A total of seven chess players have been the chess world number one on the official FIDE rating list since it was first published in July 1971.

The first world number one, in July 1971, was Bobby Fischer. In January 1976 Anatoly Karpov became the highest-rated player on the FIDE list, FIDE having dropped Fischer (whose rating was higher than Karpov's) from the list due to inactivity. In January 1984, the third world number one was Garry Kasparov. Anatoly Karpov briefly held the world number one ranking in July 1985, and the fourth world number one, Vladimir Kramnik, briefly held the ranking in January 1996. Other than these two brief periods, Kasparov dominated for some 22 years from 1984 until his retirement from professional chess on 10 March 2005. In January 1990, he surpassed Fischer's peak of 2785 and became the first player ever to achieve a 2800 rating. In July 1999, he reached his peak rating, 2851. This was the highest FIDE rating in history until January 2013, when it was surpassed by Magnus Carlsen.

On Kasparov's retirement, the world number one ranking passed to Veselin Topalov, since Kasparov was removed from the rating list in April 2006 due to inactivity. In April 2007, Viswanathan Anand became the sixth player to top the rankings. Kramnik briefly returned to the number one ranking in January 2008, but was again joint number one by rating, being placed first in the list due to having played more games in the rating period in question. For most of the period April 2007 to November 2009, the top ranking was held by either Anand or Topalov. The seventh and current world number one is Magnus Carlsen, who first achieved this ranking in the January 2010 list, and has been world number one since July 2011 after having lost and reclaimed the position from Anand during 2010 and 2011.

Publication details

There were unofficial lists in 1964, 1969, 1970 and January 1971, as the Elo rating system was first introduced.

From 1971 to 1980, there was one main rating list published each year (for a total of 10), initially published in July from 1971 to 1973, then once in May (1974), before switching to annual publication in January from 1975 to 1980 (in this period, some supplements and amendments were also published).

From 1981 to July 2000, two lists per year were published, in January and July (for a total of 39 lists). In July 2000, the publication schedule was increased to four times a year (January, April, July, October) operating from July 2000 to July 2009 (for a total of 36 lists). In July 2009, the publication schedule was increased again, to six times a year (January, March, May, July, September, November) operating from July 2009 to July 2012 (for a total of 18 lists).
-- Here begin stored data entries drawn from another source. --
text \<open>In the layer from 5 to 7 of A*B (level sizes 1, 6, 1) the outer block levels must
  both have size (A*B) (sigma i) \<le> 1, forcing sigma 1 = sigma 3 = 1.\<close>
lemma not_cobweb_tiling_product: "\<not> cobweb_tiling_seq (\<lambda>n. seqA n * seqB n)"
proof
  let ?C = "\<lambda>n. seqA n * seqB n"
  have small_values: "?C 1 = 1" "?C 2 = 2" "?C 3 = 3" "?C 5 = 1" "?C 7 = 1"
    by (simp_all add: seqA_def seqB_def)
  assume "cobweb_tiling_seq ?C"
  then obtain T where "is_tiling ?C 5 7 T" unfolding cobweb_tiling_seq_def by force
  moreover have "\<forall>j\<in>{5..7}. 0 < ?C j" by (simp add: seqA_def seqB_def)
  ultimately obtain \<sigma> V where block: "is_block ?C 5 7 \<sigma> V" by (rule tiling_has_block)
  then have \<sigma>: "\<sigma> permutes {1..3}" by (simp add: is_block_def)
  have outer: "\<sigma> i = 1" if "i \<in> {1, 3}" for i
  proof -
    have "?C (\<sigma> i) \<le> 1" using is_block_le_level[OF block, of i] that small_values by auto
    moreover have "\<sigma> i \<in> {1..3}"
      using that by (intro permutes_in_image[OF \<sigma>, THEN iffD2]) auto
    then have "\<sigma> i = 1 \<or> \<sigma> i = 2 \<or> \<sigma> i = 3" by auto
    ultimately show ?thesis using small_values by auto
  qed
  have "\<sigma> 1 = \<sigma> 3" using outer by simp
  then show False using permutes_inj[OF \<sigma>] by (auto dest: injD)
qed

theorem mainTheorem4:
  shows "cobweb_tiling_seq seqA \<and> cobweb_tiling_seq seqB \<and>
         \<not> cobweb_tiling_seq (\<lambda>n. seqA n * seqB n)"
  using cobweb_tiling_seq_dvd_seq[of 2] cobweb_tiling_seq_dvd_seq[of 3]
    not_cobweb_tiling_product
  by (simp add: seqA_eq_dvd_seq seqB_eq_dvd_seq)

end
In July 2012 the publication schedule was increased again to the current monthly schedule.

Publication of the rating lists in the 1970s and 1980s was in Chess Informant and other chess publications. The number of games played by individuals during the rating period was added to the lists from July 1985 onwards. Player ID numbers were used from January 1990. From January 1999, the practice of rounding to the nearest five Elo points was discontinued, and ratings were then rounded to the nearest Elo point for publication. From July 2000 onwards, the ratings are available from the FIDE website.

In January 2010 former World Champion Boris Spassky criticized the current emphasis on ratings rather than World Champions. Although Spassky was World Champion during the inception of the FIDE rankings in 1971, he never became the number-one rated player in the world; since July 1971 he and Vladimir Kramnik are the only undisputed World Champions to never become ranked world number-one during their tenure as champions.

List of world number ones

Top players (list) 
The following is a list of the players ranked number one on the FIDE rating system from the first official list in July 1971 to the present day, along with their ratings during the periods in question. Kasparov was removed from FIDE ratings in 1994.
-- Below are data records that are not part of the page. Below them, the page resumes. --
lemma op_spectrum_approx_eigenvector:
  fixes T :: "'a::{real_inner,complete_space} \<Rightarrow> 'a"
  assumes T: "bounded_linear T" and T_sym: "\<And>x y. T x \<bullet> y = x \<bullet> T y"
    and lam: "lam \<in> op_spectrum T" and e: "e > 0"
  shows "\<exists>v. norm v = 1 \<and> norm (T v - lam *\<^sub>R v) < e"
proof (rule ccontr)
  assume no_approx: "\<not> ?thesis"
  interpret T: bounded_linear T by (fact T)
  define L where "L x = lam *\<^sub>R x - T x" for x
  have "e * norm x \<le> norm (L x)" for x
  proof (cases "x = 0")
    case False
    define v where "v = (1 / norm x) *\<^sub>R x"
    have "norm v = 1" using False unfolding v_def by simp
    then have "e \<le> norm (T v - lam *\<^sub>R v)" using no_approx by (meson not_less)
    also have "T v - lam *\<^sub>R v = - (1 / norm x) *\<^sub>R L x"
      unfolding v_def L_def by (simp add: T.scaleR algebra_simps)
    finally show ?thesis using False by (simp add: field_simps)
  qed simp
  moreover have "bounded_linear L"
    unfolding L_def by (intro bounded_linear_sub bounded_linear_scaleR_right bounded_linear_ident T)
  moreover have "L x \<bullet> y = x \<bullet> L y" for x y
    unfolding L_def by (simp add: inner_diff_left inner_diff_right T_sym)
  ultimately obtain R where "bounded_linear R" "\<forall>x. R (L x) = x" "\<forall>x. L (R x) = x"
    using symmetric_bounded_below_invertible e by metis
  then show False using lam unfolding op_spectrum_def L_def by blast
qed

lemma op_spectrum_approx_eigenvector_nonneg:
  fixes T :: "'a::{real_inner,complete_space} \<Rightarrow> 'a" and l :: "'a \<Rightarrow> real"
  assumes "bounded_linear T" "\<And>x y. T x \<bullet> y = x \<bullet> T y"
    and "lam \<in> op_spectrum T" "e > 0" and l: "linear l"
  shows "\<exists>v. norm v = 1 \<and> norm (T v - lam *\<^sub>R v) < e \<and> 0 \<le> l v"
proof -
  obtain v where v: "norm v = 1" "norm (T v - lam *\<^sub>R v) < e"
    using op_spectrum_approx_eigenvector[OF assms(1-4)] by blast
  have "T (- v) - lam *\<^sub>R (- v) = - (T v - lam *\<^sub>R v)"
    using linear_neg[OF bounded_linear.linear[OF assms(1)]] by simp
  then have minus_v: "norm (T (- v) - lam *\<^sub>R (- v)) < e" using v(2) by (simp only: norm_minus_cancel)
  show ?thesis
  proof (cases "0 \<le> l v")
    case False
    then show ?thesis using v(1) minus_v linear_neg[OF l, of v] by (intro exI[of _ "- v"]) auto
  qed (use v in blast)
qed

lemma adjoint_product_approx_eigenvector:
  fixes A :: "'a::{real_inner,complete_space} \<Rightarrow> 'b::{real_inner,complete_space}"
  assumes A: "bounded_linear A" and lam: "lam \<in> op_spectrum (A \<circ> adjoint A)" and e: "e > 0"
  shows "\<exists>w. norm w = 1 \<and> norm (A (adjoint A w) - lam *\<^sub>R w) < e \<and> 0 \<le> d \<bullet> adjoint A w"
proof -
  have "bounded_linear (A \<circ> adjoint A)"
    unfolding o_def by (rule bounded_linear_compose[OF A bounded_linear_hilbert_adjoint[OF A]])
  moreover have "(A \<circ> adjoint A) x \<bullet> z = x \<bullet> (A \<circ> adjoint A) z" for x z
    by (metis hilbert_adjoint_works[OF A] inner_commute o_apply)
  moreover have "linear (\<lambda>w. d \<bullet> adjoint A w)"
    by (rule bounded_linear.linear[OF bounded_linear_compose[OF bounded_linear_inner_right
          bounded_linear_hilbert_adjoint[OF A]]])
  ultimately have "\<exists>w. norm w = 1 \<and> norm ((A \<circ> adjoint A) w - lam *\<^sub>R w) < e \<and> 0 \<le> d \<bullet> adjoint A w"
    by (rule op_spectrum_approx_eigenvector_nonneg[OF _ _ lam e])
  then show ?thesis by simp
qed

lemma tikhonov_normal_equation:
  fixes A :: "'a::{real_inner,complete_space} \<Rightarrow> 'b::{real_inner,complete_space}"
    and xdag xstar :: 'a and y ydelta :: 'b
  assumes A: "bounded_linear A" and alpha: "alpha > 0"
  defines "u \<equiv> xhat A alpha xdag xstar y ydelta - xdag"
  shows "alpha *\<^sub>R u + adjoint A (A u) = alpha *\<^sub>R (xstar - xdag) + adjoint A (ydelta - y)"
proof -
  define F where "F x = alpha *\<^sub>R x + adjoint A (A x)" for x
  note adj = hilbert_adjoint_works[OF A]
  have "surj F"
  proof (rule surj_symmetric_coercive[where c=alpha])
    show "bounded_linear F" unfolding F_def
      by (intro bounded_linear_add bounded_linear_scaleR_right bounded_linear_ident
          bounded_linear_compose[OF bounded_linear_hilbert_adjoint[OF A] A])
    show "F x \<bullet> y = x \<bullet> F y" for x y
      unfolding F_def by (simp add: inner_add_left inner_add_right adj inner_commute)
    show "alpha * (norm x)\<^sup>2 \<le> F x \<bullet> x" for x
    proof -
      have "adjoint A (A x) \<bullet> x = A x \<bullet> A x" by (metis adj inner_commute)
      then show ?thesis unfolding F_def by (simp add: inner_add_left power2_norm_eq_inner)
    qed
  qed (fact alpha)
  moreover have "u = inv F (alpha *\<^sub>R (xstar - xdag) + adjoint A (ydelta - y))"
    unfolding u_def xhat_def F_def by simp
  ultimately have "F u = alpha *\<^sub>R (xstar - xdag) + adjoint A (ydelta - y)"
    by (simp add: surj_f_inv_f)
  then show ?thesis by (simp add: F_def)
qed

lemma tikhonov_error_lower_bound:
  fixes A :: "'a::{real_inner,complete_space} \<Rightarrow> 'b::real_inner"
  assumes A: "bounded_linear A" and K: "\<And>x. norm (A x) \<le> norm x * K"
    and alpha: "alpha > 0" and lam: "lam > 0"
    and w: "norm w = 1" and r: "norm (A (adjoint A w) - lam *\<^sub>R w) \<le> e"
    and e_small: "e \<le> lam / 2" and Ke_small: "K * e \<le> lam * sqrt (lam / 2) / 2"
    and sign: "0 \<le> d \<bullet> adjoint A w"
    and normal_eq: "alpha *\<^sub>R u + adjoint A (A u) = alpha *\<^sub>R d + adjoint A (lam *\<^sub>R w)"
  shows "lam / (2 * (alpha / lam + 3 / 2)\<^sup>2) \<le> (norm u)\<^sup>2"
proof -
  note adj = hilbert_adjoint_works[OF A]
  define s where "s = norm (adjoint A w)"
  define r where "r = A (adjoint A w) - lam *\<^sub>R w"
  define P where "P = alpha + 3 * lam / 2"
  have "s\<^sup>2 = lam + r \<bullet> w"
    using w power2_norm_eq_inner[of w]
    by (simp add: s_def r_def power2_norm_eq_inner adj inner_diff_left)
  moreover have "\<bar>r \<bullet> w\<bar> \<le> e" using Cauchy_Schwarz_ineq2[of r w] w r by (simp add: r_def)
  ultimately have s2: "lam / 2 \<le> s\<^sup>2" using e_small by linarith
  then have "sqrt (lam / 2) \<le> sqrt (s\<^sup>2)" by (rule real_sqrt_le_mono)
  then have "sqrt (lam / 2) \<le> s" by (simp add: s_def)
  then have "lam * sqrt (lam / 2) / 2 \<le> lam * s / 2" using lam by simp
  then have Ke: "K * e \<le> lam * s / 2" using Ke_small by linarith
  have s_pos: "s > 0" using s2 lam by (auto simp: s_def)
  have "lam * s\<^sup>2 \<le> (alpha *\<^sub>R d + adjoint A (lam *\<^sub>R w)) \<bullet> adjoint A w"
    using alpha sign linear_scale[OF bounded_linear.linear[OF bounded_linear_hilbert_adjoint[OF A]]]
    by (simp add: s_def power2_norm_eq_inner inner_add_left)
  also have "\<dots> = (alpha + lam) * (A u \<bullet> w) + A u \<bullet> r"
    unfolding normal_eq[symmetric] r_def
    by (simp add: inner_add_left inner_diff_right adj inner_commute algebra_simps)
  also have "\<dots> \<le> (alpha + lam) * (norm u * s) + norm u * (K * e)"
  proof -
    have "A u \<bullet> w \<le> norm u * s"
      using norm_cauchy_schwarz[of u "adjoint A w"] by (simp add: s_def adj inner_commute)
    moreover have "A u \<bullet> r \<le> norm u * (K * e)"
    proof -
      have "A u \<bullet> r \<le> norm (A u) * norm r" by (rule norm_cauchy_schwarz)
      also have "\<dots> \<le> norm (A u) * e" using r by (simp add: r_def mult_left_mono)
      also have "\<dots> \<le> (norm u * K) * e"
        using K[of u] order_trans[OF norm_ge_zero r] by (rule mult_right_mono)
      finally show ?thesis by simp
    qed
    ultimately show ?thesis using alpha lam by (smt (verit) mult_left_mono)
  qed
  also have "\<dots> \<le> norm u * s * P"
    using mult_left_mono[OF Ke norm_ge_zero[of u]] by (simp add: P_def algebra_simps)
  finally have "lam * s \<le> norm u * P" using s_pos by (simp add: power2_eq_square)
  then have "(lam * s)\<^sup>2 \<le> (norm u * P)\<^sup>2" using lam s_pos by (intro power_mono) auto
  moreover have "lam\<^sup>2 * (lam / 2) \<le> (lam * s)\<^sup>2"
    using s2 lam by (simp add: power_mult_distrib)
  moreover have "P > 0" using alpha lam by (simp add: P_def)
  moreover have "lam / (2 * (alpha / lam + 3 / 2)\<^sup>2) = lam\<^sup>2 * (lam / 2) / P\<^sup>2"
  proof -
    have "alpha / lam + 3 / 2 = P / lam" using lam by (simp add: P_def field_simps)
    then show ?thesis using lam \<open>P > 0\<close> by (simp only:) (simp add: field_simps power2_eq_square)
  qed
  ultimately show ?thesis by (simp add: divide_le_eq power_mult_distrib)
qed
Timeline of world number ones

Player statistics
As of June 2017, seven players have held the world number one ranking over a period of 46 years and 0 months, encompassing 162 rating lists. These seven players include six undisputed world chess champions, with Topalov being the only player to achieve the number one ranking without becoming undisputed world champion, though he was FIDE world champion from 2005 to 2006, and is still an active player. Kramnik and Spassky are the only world champions in the period in question to never have been world number one while being champion.
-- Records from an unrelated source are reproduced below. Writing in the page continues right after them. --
lemma Gnorm_tendsto_zero:
  assumes "0 < p" and small: "\<And>d. 0 < d \<Longrightarrow> eventually (\<lambda>n. rhoGpow W p (u n) \<le> ennreal d) sequentially"
  shows "(\<lambda>n. Gnorm W p (u n)) \<longlonglongrightarrow> 0"
  unfolding Gnorm_def
proof (rule tendsto_zero_powrI[where b = "1 / p"])
  show "(\<lambda>n. enn2real (rhoGpow W p (u n))) \<longlonglongrightarrow> 0"
  proof (rule order_tendstoI)
    fix a :: real assume "0 < a"
    then have "eventually (\<lambda>n. rhoGpow W p (u n) \<le> ennreal (a / 2)) sequentially"
      by (intro small) simp
    then show "eventually (\<lambda>n. enn2real (rhoGpow W p (u n)) < a) sequentially"
    proof eventually_elim
      case (elim n)
      then have "enn2real (rhoGpow W p (u n)) \<le> a / 2"
        using \<open>0 < a\<close> by (intro enn2real_leI) auto
      with \<open>0 < a\<close> show ?case by simp
    qed
  qed (simp add: always_eventually order.strict_trans2[OF _ enn2real_nonneg])
qed (use \<open>0 < p\<close> in auto)

lemma rhoGpow_diff_finite:
  assumes "0 \<le> p" "W \<in> WClass" "f \<in> Gspace W p" "g \<in> Gspace W p"
  shows "rhoGpow W p (\<lambda>t. f t - g t) < \<infinity>"
proof -
  have "rhoGpow W p (\<lambda>t. f t - g t) \<le> ennreal (2 powr p) * (rhoGpow W p f + rhoGpow W p g)"
    using assms(3,4) by (intro rhoGpow_quasi_triangle[OF assms(1) WClassD(1)[OF assms(2)]])
      (auto simp: Gspace_def)
  also have "\<dots> < \<infinity>"
    using assms(3,4) by (simp add: Gspace_def ennreal_mult_less_top)
  finally show ?thesis .
qed

lemma rhoGpow_diff_limit_eventually_le:
  assumes "0 < p" and W: "W \<in> borel_measurable (lebesgue_on {0<..})"
    and f: "\<And>n. f n \<in> borel_measurable (lebesgue_on {0<..})"
    and Cauchy: "\<And>d. 0 < d \<Longrightarrow> \<exists>N. \<forall>m\<ge>N. \<forall>n\<ge>N. rhoGpow W p (\<lambda>t. f m t - f n t) < ennreal d"
    and "strict_mono r" and lim: "AE t in lebesgue_on {0<..}. (\<lambda>k. f (r k) t) \<longlonglongrightarrow> g t"
    and "0 < d"
  shows "eventually (\<lambda>n. rhoGpow W p (\<lambda>t. f n t - g t) \<le> ennreal d) sequentially"
proof -
  obtain N where N: "\<And>m n. N \<le> m \<Longrightarrow> N \<le> n \<Longrightarrow> rhoGpow W p (\<lambda>t. f m t - f n t) < ennreal d"
    using Cauchy[OF \<open>0 < d\<close>] by blast
  show ?thesis
  proof (rule eventually_sequentiallyI)
    fix n assume "N \<le> n"
    have "rhoGpow W p (\<lambda>t. f n t - g t) \<le> liminf (\<lambda>k. rhoGpow W p (\<lambda>t. f n t - f (r k) t))"
      using lim by (intro rhoGpow_le_liminf[OF \<open>0 < p\<close> W])
        (use f in \<open>auto intro: tendsto_diff elim!: eventually_mono\<close>)
    also have "\<dots> \<le> ennreal d"
    proof (intro Liminf_le eventually_sequentiallyI)
      fix k assume "N \<le> k"
      then show "rhoGpow W p (\<lambda>t. f n t - f (r k) t) \<le> ennreal d"
        using N[OF \<open>N \<le> n\<close>, of "r k"] seq_suble[OF \<open>strict_mono r\<close>, of k] by simp
    qed simp
    finally show "rhoGpow W p (\<lambda>t. f n t - g t) \<le> ennreal d" .
  qed
qed

lemma rhoGpow_Cauchy_has_limit:
  assumes "0 < p" and W: "W \<in> WClass" and fG: "\<And>n. f n \<in> Gspace W p"
    and Cauchy: "\<And>d. 0 < d \<Longrightarrow> \<exists>N. \<forall>m\<ge>N. \<forall>n\<ge>N. rhoGpow W p (\<lambda>t. f m t - f n t) < ennreal d"
  obtains g where "g \<in> Gspace W p"
    and "\<And>d. 0 < d \<Longrightarrow> eventually (\<lambda>n. rhoGpow W p (\<lambda>t. f n t - g t) \<le> ennreal d) sequentially"
proof -
  have f: "f n \<in> borel_measurable (lebesgue_on {0<..})" for n
    using fG by (simp add: Gspace_def)
  have W_pos: "0 < W t" if "t \<in> space (lebesgue_on {0<..})" for t
    using that WClassD(2)[OF W] by simp
  have "\<exists>N. \<forall>m\<ge>N. \<forall>n\<ge>N.
      (\<integral>\<^sup>+ t. ennreal (\<bar>f m t - f n t\<bar> powr p * W t) \<partial>lebesgue_on {0<..}) < ennreal d"
    if "0 < d" for d
  proof -
    obtain N where "\<And>m n. N \<le> m \<Longrightarrow> N \<le> n \<Longrightarrow> rhoGpow W p (\<lambda>t. f m t - f n t) < ennreal d"
      using Cauchy[OF \<open>0 < d\<close>] by blast
    then show ?thesis
      by (intro exI[of _ N] allI impI le_less_trans[OF weighted_nn_integral_le_rhoGpow]) simp
  qed
  then obtain r where "strict_mono r" and conv: "AE t in lebesgue_on {0<..}. convergent (\<lambda>k. f (r k) t)"
    using weighted_powr_Cauchy_AE_convergent_subseq[where f = f, OF \<open>0 < p\<close> f WClassD(1)[OF W] W_pos]
    by blast
  define g where "g t = lim (\<lambda>k. f (r k) t)" for t
  have g: "g \<in> borel_measurable (lebesgue_on {0<..})"
    unfolding g_def using f by measurable
  have g_lim: "AE t in lebesgue_on {0<..}. (\<lambda>k. f (r k) t) \<longlonglongrightarrow> g t"
    using conv by eventually_elim (simp add: g_def convergent_LIMSEQ_iff)
  have close: "eventually (\<lambda>n. rhoGpow W p (\<lambda>t. f n t - g t) \<le> ennreal d) sequentially"
    if "0 < d" for d
    using \<open>0 < p\<close> WClassD(1)[OF W] f Cauchy \<open>strict_mono r\<close> g_lim \<open>0 < d\<close>
    by (rule rhoGpow_diff_limit_eventually_le)
  obtain N where N: "rhoGpow W p (\<lambda>t. f N t - g t) \<le> ennreal 1"
    using eventually_sequentially close[of 1] by auto
  have "rhoGpow W p g \<le> ennreal (2 powr p) * (rhoGpow W p (f N) + rhoGpow W p (\<lambda>t. f N t - g t))"
    using \<open>0 < p\<close> f g by (intro rhoGpow_quasi_triangle WClassD(1)[OF W]) auto
  also have "\<dots> < \<infinity>"
    using fG[of N] N by (simp add: Gspace_def ennreal_mult_less_top le_less_trans)
  finally have "g \<in> Gspace W p"
    using g by (simp add: Gspace_def)
  then show thesis
    using close by (rule that)
qed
Fischer was top of the lists successively five times over a period of 4.5 years, though he is considered to have already become the number one player in the world before the official list started, as he topped the unofficial list in 1970. Karpov topped the list 12 times, successively 11 times over a period of 8 years, and once for 6 months. Kasparov has been world number one on the official list 54 times over a period of 22 years, and 31 times successively over nearly a decade from July 1996 to January 2006; he was number one 3 times successively over 1.5 years, then 20 times successively over 10 years, then finally 31 times over 9 years and 9 months. Kramnik was world number one 2 times (for 6 and 3 months), for a total of 9 months. Topalov has been world number one successively 4 and 6 times (a total of 10 times), for 12 months and 15 months respectively (for a total of 27 months). Anand has been world number one successively 2 and 3 times (a total of 5 times), for 6 months and 9 months respectively (for a total of 15 months). Carlsen has been world number one a record 119 times, including a record 107 consecutive times from July 2011 until May 2020.

Women

List of world female number ones

The following is a list of the players ranked number one female on the FIDE rating system from the first official list in July 1971 to the present day, along with their ratings during the periods in question.

Timeline

Women statistics

List of junior world number ones

FIDE publishes lists of highest-rated junior chess players; a "junior" is defined as being a player who is aged under 20 at the start of the year. The following is a list of the players ranked number one junior in the FIDE rating system from July 1999 to the present day, along with their ratings during the periods in question.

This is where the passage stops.